lemma compact_best_response_shares: "compact {\<beta> \<in> {0..1}. best_response i \<beta> S}"
proof -
  have "{\<beta> \<in> {0..1}. best_response i \<beta> S} = {0..1} \<inter> {\<beta>. S \<subseteq> T i} \<inter>
          (\<Inter>S'\<in>Pow (T i). {\<beta>. \<beta> * f S' - cost c S' \<le> \<beta> * f S - cost c S})"
    unfolding best_response_def by auto
  moreover have "closed {\<beta>::real. \<beta> * f S' - cost c S' \<le> \<beta> * f S - cost c S}" for S'
    by (intro closed_Collect_le continuous_intros)
  moreover have "closed {\<beta>::real. S \<subseteq> T i}"
    by (cases "S \<subseteq> T i") auto
  ultimately show ?thesis
    by (auto intro!: compact_Int_closed closed_INT)
qed

lemma ex_optimal_single_agent_outcome:
  "\<exists>i\<^sub>0 \<beta>\<^sub>0 S\<^sub>0. single_agent_outcome i\<^sub>0 \<beta>\<^sub>0 S\<^sub>0 \<and>
     (\<forall>i \<beta> S. single_agent_outcome i \<beta> S \<longrightarrow> (1 - \<beta>) * f S \<le> (1 - \<beta>\<^sub>0) * f S\<^sub>0)"
proof -
  define W where "W = (\<Union>i\<in>Ag. \<Union>S\<in>Pow (T i).
     (\<lambda>\<beta>. (1 - \<beta>) * f S) ` {\<beta> \<in> {0..1}. best_response i \<beta> S})"
  have W_iff: "u \<in> W \<longleftrightarrow> (\<exists>i \<beta> S. single_agent_outcome i \<beta> S \<and> u = (1 - \<beta>) * f S)" for u
    unfolding W_def single_agent_outcome_def best_response_def by auto
  have "compact W"
    unfolding W_def using finite_agents finite_actions
    by (intro compact_UN finite_Pow_iff[THEN iffD2] compact_continuous_image
        continuous_intros compact_best_response_shares) auto
  moreover have "W \<noteq> {}"
    using W_iff ex_single_agent_outcome[of 0] by auto
  ultimately obtain u where "u \<in> W" "\<forall>t\<in>W. t \<le> u"
    using compact_attains_sup by blast
  then show ?thesis
    using W_iff by metis
qed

----------------------------------------

THE TASK
Select every line of the records holding the string "using".

ANSWER FOR THE TASK
    unfolding W_def using finite_agents finite_actions
    using W_iff ex_single_agent_outcome[of 0] by auto
    using compact_attains_sup by blast
    using W_iff by metis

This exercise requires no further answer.